* _EXTRACTED DATA_
definition distinct_pt :: "real^3 \<Rightarrow> real^3 \<Rightarrow> bool" where
  "distinct_pt p q \<longleftrightarrow> p \<noteq> 0 \<and> q \<noteq> 0 \<and> \<not> proj_eq p q"

definition distinct4 :: "real^3 \<Rightarrow> real^3 \<Rightarrow> real^3 \<Rightarrow> real^3 \<Rightarrow> bool" where
  "distinct4 a b c d \<longleftrightarrow> distinct_pt a b \<and> distinct_pt a c \<and> distinct_pt a d \<and>
     distinct_pt b c \<and> distinct_pt b d \<and> distinct_pt c d"

text \<open>Genericity: all points entering the corner invariants are well defined and the
  four points of each cross ratio are pairwise distinct, so the corner invariants
  are finite and well defined.\<close>
definition generic_twisted_ngon :: "nat \<Rightarrow> (int \<Rightarrow> real^3) \<Rightarrow> bool" where
  "generic_twisted_ngon n v \<longleftrightarrow> twisted_ngon n v \<and>
     (\<forall>i. distinct4 (v (i - 2)) (v (i - 1))
            (line_meet (v (i - 2)) (v (i - 1)) (v i) (v (i + 1)))
            (line_meet (v (i - 2)) (v (i - 1)) (v (i + 1)) (v (i + 2)))) \<and>
     (\<forall>i. distinct4 (line_meet (v (i - 2)) (v (i - 1)) (v (i + 1)) (v (i + 2)))
            (line_meet (v (i - 1)) (v i) (v (i + 1)) (v (i + 2)))
            (v (i + 1)) (v (i + 2)))"

text \<open>The pentagram map, with the labelling convention
  T(v)_k = (v_k, v_{k+2}) \<inter> (v_{k+1}, v_{k+3}).\<close>
definition pentagram :: "(int \<Rightarrow> real^3) \<Rightarrow> int \<Rightarrow> real^3" where
  "pentagram v k = line_meet (v k) (v (k + 2)) (v (k + 1)) (v (k + 3))"

end

theory Submission
  imports Defs
begin

text \<open>Lift the polygon to vectors v_i in R^3 and write [a b c] for det(v_a, v_b, v_c).
  Each corner invariant is a ratio of four brackets, and since the vertex T(v)_k is the meet of
  the diagonals v_k v_(k+2) and v_(k+1) v_(k+3), every bracket of T(v) is a product of four
  brackets of v. This yields
    x_i(T v) = x_(i+1)(v) h_i / h_(i+2)   and   y_i(T v) = y_(i+2)(v) h_(i+3) / h_(i+1)
  for an explicit ratio of brackets h (pentagram_gauge). The monodromy rescales each bracket by factors that
  cancel in all these ratios, so x, y and h are n-periodic. Over a full period, or over one
  parity class when n is even, the factors h telescope away; the index shift by one in the
  formula for x swaps the two parity classes, which is why only the sum of the even and the
  odd product of the x_i is invariant.\<close>

section \<open>Cross ratios in coordinates\<close>

lemma cross3_scaleR_add:
  "cross3 (a *\<^sub>R P + b *\<^sub>R Q) (c *\<^sub>R P + d *\<^sub>R Q) = (a * d - c * b) *\<^sub>R cross3 P Q"
  by (simp add: cross3_simps forall_3)

lemma independent_lincomb_eq_0:
  assumes "cross3 P Q \<noteq> 0" "a *\<^sub>R P + b *\<^sub>R Q = 0"
  shows "a = 0 \<and> b = 0"
  using assms cross3_scaleR_add[of a P b Q 0 1] cross3_scaleR_add[of 1 P 0 Q a b] by auto

lemma cross3_nonzero_if_distinct_pt:
  assumes "distinct_pt p q"
  shows "cross3 p q \<noteq> 0"
proof
  assume "cross3 p q = 0"
  then have "collinear {0, p, q}" by (simp add: cross_eq_0)
  moreover have "p \<noteq> 0" "q \<noteq> 0" "\<not> proj_eq p q"
    using assms by (auto simp: distinct_pt_def)
  ultimately obtain c where c: "q = c *\<^sub>R p" "c \<noteq> 0"
    by (auto simp: collinear_lemma)
  then have "p = (1 / c) *\<^sub>R q" by simp
  with c \<open>p \<noteq> 0\<close> \<open>q \<noteq> 0\<close> have "proj_eq p q"
    unfolding proj_eq_def by (intro conjI exI[of _ "1 / c"]) auto
  with \<open>\<not> proj_eq p q\<close> show False ..
qed

lemma cross_ratio_param_eq_det_ratio:
  fixes P Q A B :: "real^3"
  assumes N: "cross3 P Q \<noteq> 0"
    and p1: "proj_eq (a1 *\<^sub>R P + b1 *\<^sub>R Q) (A + t1 *\<^sub>R B)"
    and p2: "proj_eq (a2 *\<^sub>R P + b2 *\<^sub>R Q) (A + t2 *\<^sub>R B)"
    and p3: "proj_eq (a3 *\<^sub>R P + b3 *\<^sub>R Q) (A + t3 *\<^sub>R B)"
    and p4: "proj_eq (a4 *\<^sub>R P + b4 *\<^sub>R Q) (A + t4 *\<^sub>R B)"
    and D13: "a1 * b3 - a3 * b1 \<noteq> 0" and D24: "a2 * b4 - a4 * b2 \<noteq> 0"
  shows "((a1 * b2 - a2 * b1) * (a3 * b4 - a4 * b3)) / ((a1 * b3 - a3 * b1) * (a2 * b4 - a4 * b2))
         = ((t1 - t2) * (t3 - t4)) / ((t1 - t3) * (t2 - t4))"
proof -
  define l where "l = (cross3 A B \<bullet> cross3 P Q) / (cross3 P Q \<bullet> cross3 P Q)"
  have det: "a * b' - a' * b = c * c' * (t' - t) * l"
    if "a *\<^sub>R P + b *\<^sub>R Q = c *\<^sub>R (A + t *\<^sub>R B)" "a' *\<^sub>R P + b' *\<^sub>R Q = c' *\<^sub>R (A + t' *\<^sub>R B)"
    for a b c t a' b' c' t'
  proof -
    have "(a * b' - a' * b) *\<^sub>R cross3 P Q = (c * c' * (t' - t)) *\<^sub>R cross3 A B"
      using that cross3_scaleR_add[of a P b Q a' b'] cross3_scaleR_add[of c A "c * t" B c' "c' * t'"]
      by (simp add: scaleR_add_right algebra_simps)
    then have "(a * b' - a' * b) * (cross3 P Q \<bullet> cross3 P Q)
        = c * c' * (t' - t) * (cross3 A B \<bullet> cross3 P Q)"
      by (metis inner_scaleR_left)
    then show ?thesis using N by (simp add: l_def field_simps)
  qed
  obtain c1 c2 c3 c4 where c: "c1 \<noteq> 0" "c2 \<noteq> 0" "c3 \<noteq> 0" "c4 \<noteq> 0"
    and e: "a1 *\<^sub>R P + b1 *\<^sub>R Q = c1 *\<^sub>R (A + t1 *\<^sub>R B)" "a2 *\<^sub>R P + b2 *\<^sub>R Q = c2 *\<^sub>R (A + t2 *\<^sub>R B)"
      "a3 *\<^sub>R P + b3 *\<^sub>R Q = c3 *\<^sub>R (A + t3 *\<^sub>R B)" "a4 *\<^sub>R P + b4 *\<^sub>R Q = c4 *\<^sub>R (A + t4 *\<^sub>R B)"
    using p1 p2 p3 p4 unfolding proj_eq_def by metis
  note dets = det[OF e(1) e(2)] det[OF e(3) e(4)] det[OF e(1) e(3)] det[OF e(2) e(4)]
  define K where "K = c1 * c2 * c3 * c4 * l * l"
  have "l \<noteq> 0" using D13 dets by auto
  with c have "K \<noteq> 0" by (simp add: K_def)
  moreover have "(c1 * c2 * (t2 - t1) * l) * (c3 * c4 * (t4 - t3) * l) = K * ((t1 - t2) * (t3 - t4))"
    "(c1 * c3 * (t3 - t1) * l) * (c2 * c4 * (t4 - t2) * l) = K * ((t1 - t3) * (t2 - t4))"
    by (simp_all add: K_def algebra_simps)
  ultimately show ?thesis
    unfolding dets by simp
qed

* _TASK TO CARRY OUT_
Within the material above, output exactly the lines from the one with "using p1 p2" through the one with "dets by auto", end lines included, and nothing besides.

* _REPLY TO THE EXERCISE_
    using p1 p2 p3 p4 unfolding proj_eq_def by metis
  note dets = det[OF e(1) e(2)] det[OF e(3) e(4)] det[OF e(1) e(3)] det[OF e(2) e(4)]
  define K where "K = c1 * c2 * c3 * c4 * l * l"
  have "l \<noteq> 0" using D13 dets by auto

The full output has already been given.